Mi sono isolata dal mondo e non ho permesso più a nessuno di venire qui, nemmeno ai miei genitori o ai due Detective, che ancora oggi custodiscono il mio segreto. Può sembrare da vigliacchi, ma ho troppa paura.  Ma sai una cosa? Nonostante la protezione, la sicurezza, so che prima o poi lui mi troverà. E' solo questione di tempo.

Il racconto era durato il tempo di due sigarette, che Ilaria aveva spento in un vecchio posacenere. Quando terminò il racconto, calò il silenzio e Monica, che non l'aveva mai interrotta, si rese conto di quanto si era immedesimata in quella storia.

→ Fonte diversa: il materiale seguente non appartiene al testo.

lemma locally_holder_prox_and_gradient:
  assumes Cp: "0 < Cp" and Cg: "0 < Cg"
  shows "\<exists>U. open U \<and> 0 \<in> U \<and> U \<subseteq> cball 0 eps \<and> (\<forall>x\<in>U. prox p \<gamma> \<phi> x \<noteq> {}) \<and>
    (\<forall>x1\<in>U. \<forall>x2\<in>U. \<forall>y1\<in>prox p \<gamma> \<phi> x1. \<forall>y2\<in>prox p \<gamma> \<phi> x2.
      norm (y2 - y1) \<le> Cp * norm (x2 - x1) powr (1 / q)) \<and>
    (\<forall>x\<in>U. \<bar>moreau_env p \<gamma> \<phi> x\<bar> \<noteq> \<infinity>) \<and>
    (\<exists>g. (\<forall>x\<in>U. GDERIV (\<lambda>z. real_of_ereal (moreau_env p \<gamma> \<phi> z)) x :> g x) \<and>
      (\<forall>x1\<in>U. \<forall>x2\<in>U. norm (g x2 - g x1) \<le> Cg * norm (x2 - x1) powr (1 / q)))"
proof -
  have q1: "1 < q" using p q by simp
  obtain d L where d: "0 < d" and L: "0 \<le> L"
    and near: "\<And>x y. x \<in> ball 0 d \<Longrightarrow> y \<in> prox p \<gamma> \<phi> x \<Longrightarrow> norm (x - y) \<le> 1/2"
    and lip: "\<And>x1 x2 y1 y2. x1 \<in> ball 0 d \<Longrightarrow> x2 \<in> ball 0 d \<Longrightarrow>
      y1 \<in> prox p \<gamma> \<phi> x1 \<Longrightarrow> y2 \<in> prox p \<gamma> \<phi> x2 \<Longrightarrow> norm (y2 - y1) \<le> L * norm (x2 - x1)"
    using prox_lipschitz_near_0 by blast
  define ys where "ys x = (SOME y. y \<in> prox p \<gamma> \<phi> x)" for x
  have ys: "ys x \<in> prox p \<gamma> \<phi> x" for x
    using prox_nonempty[of x] unfolding ys_def by (simp add: some_in_eq)
  define g where "g x = duality_map p (x - ys x) /\<^sub>R \<gamma>" for x
  define Lg where "Lg = (p - 1) * (1 + L) / \<gamma>"
  have g_lip: "norm (g x2 - g x1) \<le> Lg * norm (x2 - x1)"
    if x12: "x1 \<in> ball 0 d" "x2 \<in> ball 0 d" for x1 x2
  proof -
    have "norm (g x2 - g x1) = norm (duality_map p (x2 - ys x2) - duality_map p (x1 - ys x1)) / \<gamma>"
      using \<gamma> by (simp add: g_def divide_inverse_commute flip: scaleR_diff_right)
    also have "\<dots> \<le> (p - 1) * ((1 + L) * norm (x2 - x1)) / \<gamma>"
      using near[OF x12(1) ys] near[OF x12(2) ys] lip[OF x12 ys ys] \<gamma>
      by (intro divide_right_mono duality_map_residual_lipschitz[OF p]) auto
    finally show ?thesis by (simp add: Lg_def)
  qed
  obtain r1 where r1: "0 < r1" "\<And>t. 0 \<le> t \<Longrightarrow> t \<le> r1 \<Longrightarrow> L * t \<le> Cp * t powr (1 / q)"
    using linear_le_powr_near_0[OF q1 Cp] by blast
  obtain r2 where r2: "0 < r2" "\<And>t. 0 \<le> t \<Longrightarrow> t \<le> r2 \<Longrightarrow> Lg * t \<le> Cg * t powr (1 / q)"
    using linear_le_powr_near_0[OF q1 Cg] by blast
  define \<delta> where "\<delta> = min d (min eps (min r1 r2 / 2))"
  have "0 < \<delta>" "\<delta> \<le> d" "\<delta> \<le> eps" "2 * \<delta> \<le> r1" "2 * \<delta> \<le> r2"
    using d eps_pos r1 r2 by (auto simp: \<delta>_def min_def)
  then have \<delta>: "0 < \<delta>" "ball 0 \<delta> \<subseteq> ball (0::'a) d" "ball 0 \<delta> \<subseteq> cball (0::'a) eps"
    by (auto intro: subset_ball order.trans[OF ball_subset_cball subset_cball])
  have close: "norm (x2 - x1) \<le> r1" "norm (x2 - x1) \<le> r2"
    if "x1 \<in> ball 0 \<delta>" "x2 \<in> ball 0 \<delta>" for x1 x2 :: 'a
    using that norm_triangle_ineq4[of x2 x1] \<open>2 * \<delta> \<le> r1\<close> \<open>2 * \<delta> \<le> r2\<close> by simp_all
  show ?thesis
  proof (intro exI[of _ "ball 0 \<delta>"] exI[of _ g] conjI ballI)
    show "open (ball (0::'a) \<delta>)" "0 \<in> ball (0::'a) \<delta>" "ball 0 \<delta> \<subseteq> cball (0::'a) eps"
      using \<delta> by auto
    show "prox p \<gamma> \<phi> x \<noteq> {}" for x by (rule prox_nonempty)
    show "\<bar>moreau_env p \<gamma> \<phi> x\<bar> \<noteq> \<infinity>" for x by (rule moreau_env_finite[OF proper ys])
    fix x1 x2 :: 'a assume x1: "x1 \<in> ball 0 \<delta>" and x2: "x2 \<in> ball 0 \<delta>"
    then have x1_d: "x1 \<in> ball 0 d" and x2_d: "x2 \<in> ball 0 d" using \<delta>(2) by blast+
    show "norm (y2 - y1) \<le> Cp * norm (x2 - x1) powr (1 / q)"
      if "y1 \<in> prox p \<gamma> \<phi> x1" "y2 \<in> prox p \<gamma> \<phi> x2" for y1 y2
      using lip[OF x1_d x2_d that] r1(2)[OF norm_ge_zero close(1)[OF x1 x2]] by linarith
    show "norm (g x2 - g x1) \<le> Cg * norm (x2 - x1) powr (1 / q)"
      using g_lip[OF x1_d x2_d] r2(2)[OF norm_ge_zero close(2)[OF x1 x2]] by linarith
  next
    fix x assume "x \<in> ball (0::'a) \<delta>"
    then have x_d: "x \<in> ball 0 d" using \<delta>(2) by blast
    from open_ball x_d ys near[OF _ ys] L lip[OF x_d _ ys ys]
    show "GDERIV (\<lambda>z. real_of_ereal (moreau_env p \<gamma> \<phi> z)) x :> g x"
      unfolding g_def by (rule moreau_env_gderiv[OF p \<gamma> proper])
  qed
qed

Non era diversa dalla sua, era identica. Era come se avesse rivissuto l'incubo di quella povera donna, momento per momento, fino all'epilogo che, se non tragico, era comunque macabro. Dunque è così che finirò, si disse. Morta o chiusa nel mio eremo personale.

"Questa è la mia storia." concluse Ilaria, che sembrava stanca per lo sforzo. "Non so come posso aiutarti, ma è tutto ciò che avevo da dire."

"Sei stata molto coraggiosa a raccontarmi tutto." assicurò Monica. "Te ne sono grata."

"Ora cosa pensi di fare?".

"Non ne ho idea. E' proprio questo il problema."

"Vorrei aiutarti di più, ma non sono nemmeno stata incapace di aiutare me stessa. L'unica cosa che posso fare è offrirti un posto per la notte. Non credo che gli Agenti passeranno oggi. Sei al sicuro.

"No, ti ho già fatta esporre troppo. Ho prenotato un Motel non troppo lontano da qui. Dormirò lì e domani ripartirò per Roma."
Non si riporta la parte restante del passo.